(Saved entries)
*** Begin section ***
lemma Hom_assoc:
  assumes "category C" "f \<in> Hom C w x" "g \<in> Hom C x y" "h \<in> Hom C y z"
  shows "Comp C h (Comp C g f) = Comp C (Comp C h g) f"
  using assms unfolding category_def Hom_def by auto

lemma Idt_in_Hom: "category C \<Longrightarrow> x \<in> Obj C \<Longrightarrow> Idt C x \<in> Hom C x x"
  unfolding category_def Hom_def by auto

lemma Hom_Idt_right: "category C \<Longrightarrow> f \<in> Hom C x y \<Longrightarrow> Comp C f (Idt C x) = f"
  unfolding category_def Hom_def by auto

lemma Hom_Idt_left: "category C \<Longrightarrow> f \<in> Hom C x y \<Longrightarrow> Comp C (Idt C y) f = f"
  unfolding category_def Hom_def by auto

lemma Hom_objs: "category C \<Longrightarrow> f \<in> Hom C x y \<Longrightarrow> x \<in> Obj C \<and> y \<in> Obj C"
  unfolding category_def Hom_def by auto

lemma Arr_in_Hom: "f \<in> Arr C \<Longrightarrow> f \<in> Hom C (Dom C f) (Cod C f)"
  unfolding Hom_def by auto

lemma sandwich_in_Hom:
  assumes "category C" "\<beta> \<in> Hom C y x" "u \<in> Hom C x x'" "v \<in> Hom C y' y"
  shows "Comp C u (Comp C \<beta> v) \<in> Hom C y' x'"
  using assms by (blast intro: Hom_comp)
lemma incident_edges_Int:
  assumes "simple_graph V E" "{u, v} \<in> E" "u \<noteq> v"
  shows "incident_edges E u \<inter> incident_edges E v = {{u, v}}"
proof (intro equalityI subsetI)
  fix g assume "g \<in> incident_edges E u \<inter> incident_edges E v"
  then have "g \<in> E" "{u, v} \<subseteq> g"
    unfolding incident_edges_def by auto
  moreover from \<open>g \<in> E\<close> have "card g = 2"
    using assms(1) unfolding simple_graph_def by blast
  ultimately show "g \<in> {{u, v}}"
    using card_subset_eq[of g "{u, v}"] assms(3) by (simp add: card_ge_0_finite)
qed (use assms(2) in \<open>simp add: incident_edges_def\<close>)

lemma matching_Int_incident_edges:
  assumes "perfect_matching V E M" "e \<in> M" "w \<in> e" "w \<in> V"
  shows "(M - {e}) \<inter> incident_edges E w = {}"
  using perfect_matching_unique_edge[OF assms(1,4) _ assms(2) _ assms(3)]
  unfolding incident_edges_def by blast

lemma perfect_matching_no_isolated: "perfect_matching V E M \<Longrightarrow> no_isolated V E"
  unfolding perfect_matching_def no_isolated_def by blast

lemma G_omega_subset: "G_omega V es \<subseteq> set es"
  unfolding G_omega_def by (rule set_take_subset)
*** End section ***
*** Begin section ***
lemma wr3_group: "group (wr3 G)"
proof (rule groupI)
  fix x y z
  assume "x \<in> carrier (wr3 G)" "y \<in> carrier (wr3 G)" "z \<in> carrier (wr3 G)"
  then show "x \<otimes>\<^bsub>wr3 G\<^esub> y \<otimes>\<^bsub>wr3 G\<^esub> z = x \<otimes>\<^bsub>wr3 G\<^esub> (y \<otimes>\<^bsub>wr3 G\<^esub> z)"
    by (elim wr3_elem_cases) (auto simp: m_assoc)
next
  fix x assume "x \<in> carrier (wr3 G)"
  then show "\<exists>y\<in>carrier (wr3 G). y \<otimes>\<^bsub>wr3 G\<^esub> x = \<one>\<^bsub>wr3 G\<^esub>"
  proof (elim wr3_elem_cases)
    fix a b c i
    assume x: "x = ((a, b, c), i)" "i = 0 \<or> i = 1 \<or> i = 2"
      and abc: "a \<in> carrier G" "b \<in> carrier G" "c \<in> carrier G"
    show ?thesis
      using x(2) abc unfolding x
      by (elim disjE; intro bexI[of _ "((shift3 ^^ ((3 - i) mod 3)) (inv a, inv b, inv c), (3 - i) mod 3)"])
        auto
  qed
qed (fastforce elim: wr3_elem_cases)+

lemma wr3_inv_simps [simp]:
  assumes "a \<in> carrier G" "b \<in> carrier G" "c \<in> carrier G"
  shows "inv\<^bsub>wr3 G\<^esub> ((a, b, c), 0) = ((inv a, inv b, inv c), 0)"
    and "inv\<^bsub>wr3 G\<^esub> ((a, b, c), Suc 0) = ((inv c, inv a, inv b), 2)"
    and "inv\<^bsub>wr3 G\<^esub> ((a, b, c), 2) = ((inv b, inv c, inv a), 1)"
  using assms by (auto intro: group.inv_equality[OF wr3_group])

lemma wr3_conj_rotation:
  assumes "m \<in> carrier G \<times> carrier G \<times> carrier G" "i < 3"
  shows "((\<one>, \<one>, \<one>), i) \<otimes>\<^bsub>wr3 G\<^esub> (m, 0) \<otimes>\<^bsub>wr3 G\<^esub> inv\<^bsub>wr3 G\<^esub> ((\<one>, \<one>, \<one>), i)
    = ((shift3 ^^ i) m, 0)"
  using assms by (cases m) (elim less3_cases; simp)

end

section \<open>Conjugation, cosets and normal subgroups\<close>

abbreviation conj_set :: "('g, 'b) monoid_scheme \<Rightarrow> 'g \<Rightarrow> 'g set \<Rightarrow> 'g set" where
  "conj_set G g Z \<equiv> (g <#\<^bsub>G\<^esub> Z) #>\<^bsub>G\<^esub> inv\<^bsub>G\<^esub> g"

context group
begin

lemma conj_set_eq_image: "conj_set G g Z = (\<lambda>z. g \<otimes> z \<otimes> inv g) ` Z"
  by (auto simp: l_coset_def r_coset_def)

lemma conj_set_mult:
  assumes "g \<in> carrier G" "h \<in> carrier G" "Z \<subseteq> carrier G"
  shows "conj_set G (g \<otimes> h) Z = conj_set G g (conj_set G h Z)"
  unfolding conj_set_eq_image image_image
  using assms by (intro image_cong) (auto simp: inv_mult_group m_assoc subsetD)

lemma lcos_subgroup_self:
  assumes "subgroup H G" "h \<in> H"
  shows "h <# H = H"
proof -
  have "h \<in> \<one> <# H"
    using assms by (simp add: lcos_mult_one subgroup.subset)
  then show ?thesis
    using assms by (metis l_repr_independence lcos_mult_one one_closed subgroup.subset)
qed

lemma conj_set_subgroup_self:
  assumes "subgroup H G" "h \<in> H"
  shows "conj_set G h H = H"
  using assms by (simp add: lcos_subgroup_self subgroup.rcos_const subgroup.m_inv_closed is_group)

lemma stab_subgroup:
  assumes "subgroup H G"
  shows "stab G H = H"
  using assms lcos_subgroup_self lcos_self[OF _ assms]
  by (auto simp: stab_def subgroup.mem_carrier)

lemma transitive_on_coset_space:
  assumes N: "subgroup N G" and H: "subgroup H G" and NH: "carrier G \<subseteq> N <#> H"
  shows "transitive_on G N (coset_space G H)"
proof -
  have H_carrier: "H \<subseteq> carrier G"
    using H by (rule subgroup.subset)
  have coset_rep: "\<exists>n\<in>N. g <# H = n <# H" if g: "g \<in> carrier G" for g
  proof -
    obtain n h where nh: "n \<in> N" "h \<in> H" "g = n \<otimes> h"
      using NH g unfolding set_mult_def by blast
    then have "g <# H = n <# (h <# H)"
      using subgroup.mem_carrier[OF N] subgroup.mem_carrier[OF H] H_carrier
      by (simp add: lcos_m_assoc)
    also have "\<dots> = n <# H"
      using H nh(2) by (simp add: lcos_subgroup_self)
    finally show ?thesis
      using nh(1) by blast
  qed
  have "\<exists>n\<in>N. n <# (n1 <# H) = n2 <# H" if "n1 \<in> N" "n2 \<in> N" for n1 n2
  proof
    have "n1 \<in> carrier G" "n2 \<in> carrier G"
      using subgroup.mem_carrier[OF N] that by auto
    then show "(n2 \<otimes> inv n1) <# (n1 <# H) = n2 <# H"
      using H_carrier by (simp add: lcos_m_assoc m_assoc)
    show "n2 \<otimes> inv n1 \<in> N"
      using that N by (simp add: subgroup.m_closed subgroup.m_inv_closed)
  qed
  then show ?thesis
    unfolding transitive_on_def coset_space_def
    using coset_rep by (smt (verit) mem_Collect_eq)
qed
*** End section ***
*** Begin section ***
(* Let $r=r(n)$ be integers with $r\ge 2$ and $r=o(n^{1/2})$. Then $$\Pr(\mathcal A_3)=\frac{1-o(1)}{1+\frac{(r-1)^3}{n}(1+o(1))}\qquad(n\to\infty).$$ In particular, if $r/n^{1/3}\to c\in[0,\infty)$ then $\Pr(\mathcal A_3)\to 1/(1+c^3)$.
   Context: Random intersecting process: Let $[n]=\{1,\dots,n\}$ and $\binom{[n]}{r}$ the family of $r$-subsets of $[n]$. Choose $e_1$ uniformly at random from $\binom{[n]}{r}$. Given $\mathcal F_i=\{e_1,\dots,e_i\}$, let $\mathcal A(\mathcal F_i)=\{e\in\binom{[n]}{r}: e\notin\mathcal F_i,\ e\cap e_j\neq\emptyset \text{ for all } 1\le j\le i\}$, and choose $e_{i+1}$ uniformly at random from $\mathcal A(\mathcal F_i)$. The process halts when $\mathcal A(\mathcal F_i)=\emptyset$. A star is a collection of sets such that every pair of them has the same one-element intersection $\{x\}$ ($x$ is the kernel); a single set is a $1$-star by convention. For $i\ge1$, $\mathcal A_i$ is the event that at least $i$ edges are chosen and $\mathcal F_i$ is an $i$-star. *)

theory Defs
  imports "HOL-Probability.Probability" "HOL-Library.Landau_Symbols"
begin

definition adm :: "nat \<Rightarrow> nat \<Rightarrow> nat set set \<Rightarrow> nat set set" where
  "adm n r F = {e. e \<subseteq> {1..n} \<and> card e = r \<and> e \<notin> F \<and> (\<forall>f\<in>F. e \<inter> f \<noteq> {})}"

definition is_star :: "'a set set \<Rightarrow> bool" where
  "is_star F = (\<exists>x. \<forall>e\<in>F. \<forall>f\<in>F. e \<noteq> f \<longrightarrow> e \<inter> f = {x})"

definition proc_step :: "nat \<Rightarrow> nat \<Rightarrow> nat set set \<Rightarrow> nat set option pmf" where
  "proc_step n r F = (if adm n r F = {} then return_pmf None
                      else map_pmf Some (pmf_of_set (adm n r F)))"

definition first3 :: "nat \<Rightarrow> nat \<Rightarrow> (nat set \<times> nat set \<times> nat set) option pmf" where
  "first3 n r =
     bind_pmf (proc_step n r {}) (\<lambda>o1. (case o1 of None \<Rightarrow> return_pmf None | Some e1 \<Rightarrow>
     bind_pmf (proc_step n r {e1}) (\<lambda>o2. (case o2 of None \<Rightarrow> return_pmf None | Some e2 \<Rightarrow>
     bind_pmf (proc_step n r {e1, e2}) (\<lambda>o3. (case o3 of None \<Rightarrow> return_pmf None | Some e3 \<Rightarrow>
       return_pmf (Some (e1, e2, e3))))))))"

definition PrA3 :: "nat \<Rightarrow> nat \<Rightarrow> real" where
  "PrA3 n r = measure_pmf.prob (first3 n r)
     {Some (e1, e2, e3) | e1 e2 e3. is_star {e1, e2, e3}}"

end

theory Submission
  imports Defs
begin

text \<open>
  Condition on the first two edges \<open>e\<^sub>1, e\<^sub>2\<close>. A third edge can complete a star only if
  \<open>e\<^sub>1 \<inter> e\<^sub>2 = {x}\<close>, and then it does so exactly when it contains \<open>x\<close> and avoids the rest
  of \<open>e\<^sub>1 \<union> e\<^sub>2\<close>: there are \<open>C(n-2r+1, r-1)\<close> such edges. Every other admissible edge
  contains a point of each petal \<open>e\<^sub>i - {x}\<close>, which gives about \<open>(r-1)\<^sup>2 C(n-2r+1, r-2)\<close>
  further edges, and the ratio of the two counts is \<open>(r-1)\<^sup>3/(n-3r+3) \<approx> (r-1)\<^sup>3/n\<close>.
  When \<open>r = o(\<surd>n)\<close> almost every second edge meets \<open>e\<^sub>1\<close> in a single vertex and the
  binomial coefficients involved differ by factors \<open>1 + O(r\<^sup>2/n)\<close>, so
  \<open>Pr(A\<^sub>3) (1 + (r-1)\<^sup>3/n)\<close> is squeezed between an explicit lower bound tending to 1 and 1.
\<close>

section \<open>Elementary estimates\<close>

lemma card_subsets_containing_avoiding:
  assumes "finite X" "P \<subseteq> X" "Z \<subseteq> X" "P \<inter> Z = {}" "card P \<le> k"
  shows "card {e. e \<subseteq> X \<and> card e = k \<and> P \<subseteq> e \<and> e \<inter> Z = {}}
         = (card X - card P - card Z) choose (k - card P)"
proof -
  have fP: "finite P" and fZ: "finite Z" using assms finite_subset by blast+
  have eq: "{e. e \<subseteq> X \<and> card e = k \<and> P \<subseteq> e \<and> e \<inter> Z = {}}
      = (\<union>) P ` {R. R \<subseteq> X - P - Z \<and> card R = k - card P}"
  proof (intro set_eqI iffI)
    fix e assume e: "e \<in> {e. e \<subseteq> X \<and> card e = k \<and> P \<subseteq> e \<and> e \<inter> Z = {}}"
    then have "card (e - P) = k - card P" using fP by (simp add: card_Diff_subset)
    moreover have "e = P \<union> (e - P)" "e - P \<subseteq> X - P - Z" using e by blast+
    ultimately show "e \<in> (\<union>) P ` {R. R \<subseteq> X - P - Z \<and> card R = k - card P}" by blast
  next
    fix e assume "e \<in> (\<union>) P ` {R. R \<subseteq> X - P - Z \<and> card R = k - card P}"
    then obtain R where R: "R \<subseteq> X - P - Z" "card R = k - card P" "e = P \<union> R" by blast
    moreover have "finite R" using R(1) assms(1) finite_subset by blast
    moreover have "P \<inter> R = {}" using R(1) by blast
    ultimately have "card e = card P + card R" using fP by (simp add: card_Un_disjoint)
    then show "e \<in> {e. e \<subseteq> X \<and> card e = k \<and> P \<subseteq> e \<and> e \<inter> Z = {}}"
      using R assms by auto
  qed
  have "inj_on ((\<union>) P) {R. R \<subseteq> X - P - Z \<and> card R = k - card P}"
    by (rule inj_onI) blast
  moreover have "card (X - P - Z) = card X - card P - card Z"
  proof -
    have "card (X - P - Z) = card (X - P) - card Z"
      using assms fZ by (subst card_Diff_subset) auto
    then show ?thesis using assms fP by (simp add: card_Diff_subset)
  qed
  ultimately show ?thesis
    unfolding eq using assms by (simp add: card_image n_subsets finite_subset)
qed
*** End section ***
_EXERCISE INSTRUCTIONS_
Extract from the records above the lines from the one containing "Comp C f (Idt" to the one containing "unfolding incident_edges_def by auto", both lines included, exactly as they appear and with nothing else.

_TASK SOLUTION_
lemma Hom_Idt_right: "category C \<Longrightarrow> f \<in> Hom C x y \<Longrightarrow> Comp C f (Idt C x) = f"
  unfolding category_def Hom_def by auto

lemma Hom_Idt_left: "category C \<Longrightarrow> f \<in> Hom C x y \<Longrightarrow> Comp C (Idt C y) f = f"
  unfolding category_def Hom_def by auto

lemma Hom_objs: "category C \<Longrightarrow> f \<in> Hom C x y \<Longrightarrow> x \<in> Obj C \<and> y \<in> Obj C"
  unfolding category_def Hom_def by auto

lemma Arr_in_Hom: "f \<in> Arr C \<Longrightarrow> f \<in> Hom C (Dom C f) (Cod C f)"
  unfolding Hom_def by auto

lemma sandwich_in_Hom:
  assumes "category C" "\<beta> \<in> Hom C y x" "u \<in> Hom C x x'" "v \<in> Hom C y' y"
  shows "Comp C u (Comp C \<beta> v) \<in> Hom C y' x'"
  using assms by (blast intro: Hom_comp)
lemma incident_edges_Int:
  assumes "simple_graph V E" "{u, v} \<in> E" "u \<noteq> v"
  shows "incident_edges E u \<inter> incident_edges E v = {{u, v}}"
proof (intro equalityI subsetI)
  fix g assume "g \<in> incident_edges E u \<inter> incident_edges E v"
  then have "g \<in> E" "{u, v} \<subseteq> g"
    unfolding incident_edges_def by auto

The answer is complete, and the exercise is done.